In our binge-and-purge diet of ceaseless opinions, network news is almost shockingly neutral, the thing consumers keep saying they want from their news sources. They’d be even better if they had more time to do what they’re hopelessly trying to do, which is be all things to all viewers.

Norah O’Donnell of “CBS Evening News.”
Norah O’Donnell of “CBS Evening News.” (CBS)

By design, they must inform everyone, from the dullest among us to the sharpest. Years ago, they determined (probably through dreadful focus-group consulting) that the news must always end on a positive word, the great giving-in to those dopes always complaining that there’s never any good news.

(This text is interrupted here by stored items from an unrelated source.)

lemma sum_new_edges_bound:
  assumes F: "F \<subseteq> embeddings m" and Sg: "Sg \<subseteq> subgraphs v EH"
    and inS: "\<And>f. f \<in> F \<Longrightarrow> (shared_vertices ts f, shared_edges ts f) \<in> Sg"
    and p: "p \<ge> 0" and tsI: "set ts \<subseteq> embeddings m"
  shows "(\<Sum>f\<in>F. p ^ card (copy_edges f - tuple_edges ts)) \<le>
         (\<Sum>(W, D)\<in>Sg. real (card (tuple_vertices ts)) ^ card W * real m ^ (v - card W) * p ^ (card EH - card D))"
proof -
  have finF: "finite F"
    using F finite_embeddings finite_subset by blast
  have finS: "finite Sg"
    using Sg finite_subgraphs finite_subset by blast
  have "(\<Sum>f\<in>F. p ^ card (copy_edges f - tuple_edges ts)) = (\<Sum>f\<in>F. p ^ (card EH - card (snd (shared_vertices ts f, shared_edges ts f))))"
    using F card_new_edges by (intro sum.cong) auto
  also have "\<dots> = (\<Sum>y\<in>Sg. \<Sum>f\<in>{f \<in> F. (shared_vertices ts f, shared_edges ts f) = y}. p ^ (card EH - card (snd (shared_vertices ts f, shared_edges ts f))))"
    by (rule sum.group[symmetric, OF finF finS]) (use inS in auto)
  also have "\<dots> \<le> (\<Sum>y\<in>Sg. real (card (tuple_vertices ts)) ^ card (fst y) * real m ^ (v - card (fst y)) * p ^ (card EH - card (snd y)))"
  proof (rule sum_mono)
    fix y assume y: "y \<in> Sg"
    obtain W D where yWD: "y = (W, D)"
      by (cases y)
    have WV: "W \<subseteq> {0..<v}"
      using Sg y unfolding yWD subgraphs_def by auto
    have "(\<Sum>f\<in>{f \<in> F. (shared_vertices ts f, shared_edges ts f) = y}. p ^ (card EH - card (snd (shared_vertices ts f, shared_edges ts f)))) =
          real (card {f \<in> F. (shared_vertices ts f, shared_edges ts f) = y}) * p ^ (card EH - card D)"
      unfolding yWD by simp
    also have "\<dots> \<le> real (card {f \<in> embeddings m. shared_vertices ts f = W}) * p ^ (card EH - card D)"
    proof (rule mult_right_mono)
      have "{f \<in> F. (shared_vertices ts f, shared_edges ts f) = y} \<subseteq> {f \<in> embeddings m. shared_vertices ts f = W}"
        using F unfolding yWD by auto
      then show "real (card {f \<in> F. (shared_vertices ts f, shared_edges ts f) = y}) \<le> real (card {f \<in> embeddings m. shared_vertices ts f = W})"
        by (intro of_nat_mono card_mono) (auto intro: finite_subset[OF _ finite_embeddings])
    qed (use p in simp)
    also have "\<dots> \<le> real (card (tuple_vertices ts) ^ card W * m ^ (v - card W)) * p ^ (card EH - card D)"
      by (intro mult_right_mono of_nat_mono card_embeddings_sharing WV tuple_vertices_subset tsI) (use p in simp)
    finally show "(\<Sum>f\<in>{f \<in> F. (shared_vertices ts f, shared_edges ts f) = y}. p ^ (card EH - card (snd (shared_vertices ts f, shared_edges ts f)))) \<le>
        real (card (tuple_vertices ts)) ^ card (fst y) * real m ^ (v - card (fst y)) * p ^ (card EH - card (snd y))"
      unfolding yWD by simp
  qed
  finally show ?thesis by (simp add: case_prod_unfold)
qed

text \<open>A copy that shares the subgraph \<open>(W, D)\<close> of \<open>H\<close> with a tuple of \<open>j\<close> copies has at most
  \<open>(j v)\<^bsup>|W|\<^esup> m\<^bsup>v - |W|\<^esup>\<close> embeddings and needs \<open>e - |D|\<close> further edges, each present with
  probability \<open>(c / m)\<^bsup>v / e\<^esup>\<close>; \<open>overlap_exponent W D\<close> is the resulting power of \<open>m\<close>.\<close>

definition overlap_const :: "real \<Rightarrow> nat \<Rightarrow> real" where
  "overlap_const c j = (real (j * v) + 1) ^ v * (1 + c) ^ v"

definition overlap_exponent :: "nat set \<Rightarrow> nat set set \<Rightarrow> real" where
  "overlap_exponent W D = real (card D) * real v / real (card EH) - real (card W)"

lemma overlap_exponent_nonpos: "(W, D) \<in> subgraphs v EH \<Longrightarrow> overlap_exponent W D \<le> 0"
  unfolding overlap_exponent_def using subgraph_density_le[of W D] card_edges_pos by (simp add: field_simps)

lemma overlap_exponent_neg:
  "(W, D) \<in> subgraphs v EH \<Longrightarrow> W \<noteq> {} \<Longrightarrow> (W, D) \<noteq> ({0..<v}, EH) \<Longrightarrow> overlap_exponent W D < 0"
  unfolding overlap_exponent_def using subgraph_density_less[of W D] card_edges_pos by (simp add: field_simps)

lemma powr_le_one_plus_power:
  fixes c t :: real
  assumes "0 < c" and "0 \<le> t" and "t \<le> real n"
  shows "c powr t \<le> (1 + c) ^ n"
proof -
  have "c powr t \<le> (1 + c) powr t"
    using assms by (intro powr_mono2) auto
  also have "\<dots> \<le> (1 + c) powr real n"
    using assms by (intro powr_mono) auto
  also have "\<dots> = (1 + c) ^ n"
    using assms by (simp add: powr_realpow)
  finally show ?thesis .
qed

lemma overlap_term_eq:
  assumes WD: "(W, D) \<in> subgraphs v EH" and "m > 0" and "c > 0"
  shows "real m ^ (v - card W) * edge_prob c m ^ (card EH - card D) =
         c powr (real v * real (card EH - card D) / real (card EH)) * real m powr overlap_exponent W D"
proof -
  define t where "t = real v * real (card EH - card D) / real (card EH)"
  have "card W \<le> v" and "card D \<le> card EH"
    using WD finite_edges unfolding subgraphs_def by (auto simp: subset_eq_atLeast0_lessThan_card card_mono)
  then have exponent: "real v - real (card W) - t = overlap_exponent W D"
    unfolding t_def overlap_exponent_def using card_edges_pos by (simp add: of_nat_diff field_simps)
  have "edge_prob c m ^ (card EH - card D) = (c / real m) powr t"
    unfolding edge_prob_def t_def using assms by (subst powr_power) (auto simp: field_simps)
  also have "\<dots> = c powr t / real m powr t"
    using assms by (simp add: powr_divide)
  finally have "real m ^ (v - card W) * edge_prob c m ^ (card EH - card D) =
      c powr t * (real m powr (real v - real (card W)) / real m powr t)"
    using \<open>card W \<le> v\<close> \<open>m > 0\<close> by (simp add: powr_realpow[symmetric] of_nat_diff)
  then show ?thesis
    unfolding exponent[symmetric] t_def[symmetric] by (simp add: powr_diff)
qed

lemma overlap_term_bound:
  assumes WD: "(W, D) \<in> subgraphs v EH" and "m \<ge> 1" and "c > 0" and "N \<le> j * v"
  shows "real N ^ card W * real m ^ (v - card W) * edge_prob c m ^ (card EH - card D)
         \<le> overlap_const c j * real m powr overlap_exponent W D"
proof -
  have "card W \<le> v"
    using WD unfolding subgraphs_def by (auto simp: subset_eq_atLeast0_lessThan_card)
  have "real N ^ card W \<le> (real (j * v) + 1) ^ card W"
    using \<open>N \<le> j * v\<close> by (intro power_mono) (simp_all flip: of_nat_mult)
  also have "\<dots> \<le> (real (j * v) + 1) ^ v"
    using \<open>card W \<le> v\<close> by (intro power_increasing) auto
  finally have N: "real N ^ card W \<le> (real (j * v) + 1) ^ v" .
  have "real v * real (card EH - card D) / real (card EH) \<le> real v"
    using card_edges_pos by (simp add: divide_le_eq mult_left_mono)
  then have c: "c powr (real v * real (card EH - card D) / real (card EH)) \<le> (1 + c) ^ v"
    using \<open>c > 0\<close> by (intro powr_le_one_plus_power) auto
  have "real N ^ card W * real m ^ (v - card W) * edge_prob c m ^ (card EH - card D) =
      real N ^ card W * c powr (real v * real (card EH - card D) / real (card EH)) * real m powr overlap_exponent W D"
    using overlap_term_eq[OF WD] assms by (simp add: mult.assoc)
  also have "\<dots> \<le> overlap_const c j * real m powr overlap_exponent W D"
    unfolding overlap_const_def using N c by (intro mult_right_mono mult_mono) auto
  finally show ?thesis .
qed


lemma card_tuple_vertices_le: "set ts \<subseteq> embeddings m \<Longrightarrow> card (tuple_vertices ts) \<le> length ts * v"
proof (induction ts)
  case Nil
  then show ?case by (simp add: tuple_vertices_Nil)
next
  case (Cons f ts)
  have "card (tuple_vertices (f # ts)) \<le> card (f ` {0..<v}) + card (tuple_vertices ts)"
    unfolding tuple_vertices_Cons by (rule card_Un_le)
  also have "card (f ` {0..<v}) \<le> v"
    using card_image_le[of "{0..<v}" f] by simp
  finally show ?case using Cons by simp
qed

lemma sum_new_edges_le:
  assumes ts_emb: "set ts \<subseteq> embeddings m" and "m \<ge> 1" and "c > 0"
  shows "(\<Sum>f\<in>embeddings m. edge_prob c m ^ card (copy_edges f - tuple_edges ts))
         \<le> real (card (subgraphs v EH)) * overlap_const c (length ts)"
proof -
  have "(\<Sum>f\<in>embeddings m. edge_prob c m ^ card (copy_edges f - tuple_edges ts)) \<le>
      (\<Sum>(W, D)\<in>subgraphs v EH. real (card (tuple_vertices ts)) ^ card W * real m ^ (v - card W) *
          edge_prob c m ^ (card EH - card D))"
    using shared_subgraph ts_emb by (intro sum_new_edges_bound) auto
  also have "\<dots> \<le> (\<Sum>(W, D)\<in>subgraphs v EH. overlap_const c (length ts))"
  proof (rule sum_mono, clarify)
    fix W D
    assume WD: "(W, D) \<in> subgraphs v EH"
    have "real m powr overlap_exponent W D \<le> 1"
      using powr_mono[of "overlap_exponent W D" 0 "real m"] overlap_exponent_nonpos[OF WD] \<open>m \<ge> 1\<close> by simp
    moreover have "0 \<le> overlap_const c (length ts)"
      unfolding overlap_const_def using \<open>c > 0\<close> by simp
    ultimately show "real (card (tuple_vertices ts)) ^ card W * real m ^ (v - card W) * edge_prob c m ^ (card EH - card D)
        \<le> overlap_const c (length ts)"
      using overlap_term_bound[OF WD \<open>m \<ge> 1\<close> \<open>c > 0\<close> card_tuple_vertices_le[OF ts_emb]]
      by (meson mult_left_le order_trans)
  qed
  finally show ?thesis
    by (simp add: case_prod_unfold)
qed

definition proper_subgraphs :: "(nat set \<times> nat set set) set" where
  "proper_subgraphs = {(W, D) \<in> subgraphs v EH. W \<noteq> {} \<and> (W, D) \<noteq> ({0..<v}, EH)}"

definition overlap_error :: "real \<Rightarrow> nat \<Rightarrow> nat \<Rightarrow> real" where
  "overlap_error c j m = (\<Sum>(W, D)\<in>proper_subgraphs. overlap_const c j * real m powr overlap_exponent W D)"

lemma overlap_error_tendsto: "(\<lambda>m. overlap_error c j m) \<longlonglongrightarrow> 0"
proof -
  have "(\<lambda>m. \<Sum>(W, D)\<in>proper_subgraphs. overlap_const c j * real m powr overlap_exponent W D) \<longlonglongrightarrow> (\<Sum>(W, D)\<in>proper_subgraphs. overlap_const c j * 0)"
    unfolding case_prod_unfold
  proof (intro tendsto_sum tendsto_mult tendsto_const)
    fix y assume y: "y \<in> proper_subgraphs"
    then have "overlap_exponent (fst y) (snd y) < 0"
      unfolding proper_subgraphs_def by (cases y) (auto intro: overlap_exponent_neg)
    then show "(\<lambda>m. real m powr overlap_exponent (fst y) (snd y)) \<longlonglongrightarrow> 0"
      by (intro tendsto_neg_powr filterlim_real_sequentially)
  qed
  then show ?thesis unfolding overlap_error_def by simp
qed

lemma shared_subgraph_proper:
  assumes disjoint: "vertex_disjoint ts" and ts_emb: "set ts \<subseteq> embeddings m" and f: "f \<in> embeddings m"
    and meets: "f ` {0..<v} \<inter> tuple_vertices ts \<noteq> {}" and new: "copy_edges f \<notin> copy_edges ` set ts"
  shows "(shared_vertices ts f, shared_edges ts f) \<in> proper_subgraphs"
proof -
  have "shared_vertices ts f \<noteq> {}"
    using meets unfolding shared_vertices_def by auto
  moreover have "shared_edges ts f \<noteq> EH"
  proof
    assume "shared_edges ts f = EH"
    then have "copy_edges f \<subseteq> tuple_edges ts"
      unfolding shared_edges_def copy_edges_def by blast
    then show False
      using copy_within_disjoint_copies[OF disjoint ts_emb f] new by blast
  qed
  ultimately show ?thesis
    unfolding proper_subgraphs_def using shared_subgraph by auto
qed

It’s hard to tell if these segments work as the intended balm; very often they seem like a saccharine waste of crucial time.

“World News Tonight” ended things Wednesday with an “#AmericaStrong” segment about a virus survivor who left a lengthy (and inspiring!) note to his intensive caregivers; “CBS Evening News” showed that video of the Mayo Clinic doctor singing a heartfelt rendition of John Lennon’s “Imagine” while his colleague played piano (“Something that I hope helps you as much as it helped me,” O’Donnell said). “Nightly News,” in its “Inspiring America” segment, told of Long Island schoolkids performing songs on video for nursing home residents. “Well, they made me smile,” Holt said, signing off. “That’s nightly news — please take care of yourself, and each other.”

Journalistically, the nightly newscasts are far from ideal, for a number of reasons best left to media critics, academics and other assorted kooks to explain.

The minute you tune in, you’re reminded of who their most loyal but waning audience has been all these years: Nana and Pop-Pop.

In a time of such dire news, the commercial breaks seem egregiously disruptive and laughably geriatric. Joe Namath, older than dirt, is hawking a Medicare enhancement plan. Maybe you should be taking Ibrance, Neuriva, Prevagen, Farxiga, Jardiance — ask your doctor. More and more ads: Ensure protein drinks. Salonpas for back pain. Marie Osmond selling Nutrisystem diet plans. Seresto, Sorento, Liberty-bibbity. It can feel as if Nana has materialized in the room, with you now, waiting for Pat Sajak and Alex Trebek.

Are you informed by David, Lester and Norah, or are you just momentarily sheltered? The nightly news has invested decades in mastering the art of both. So let it.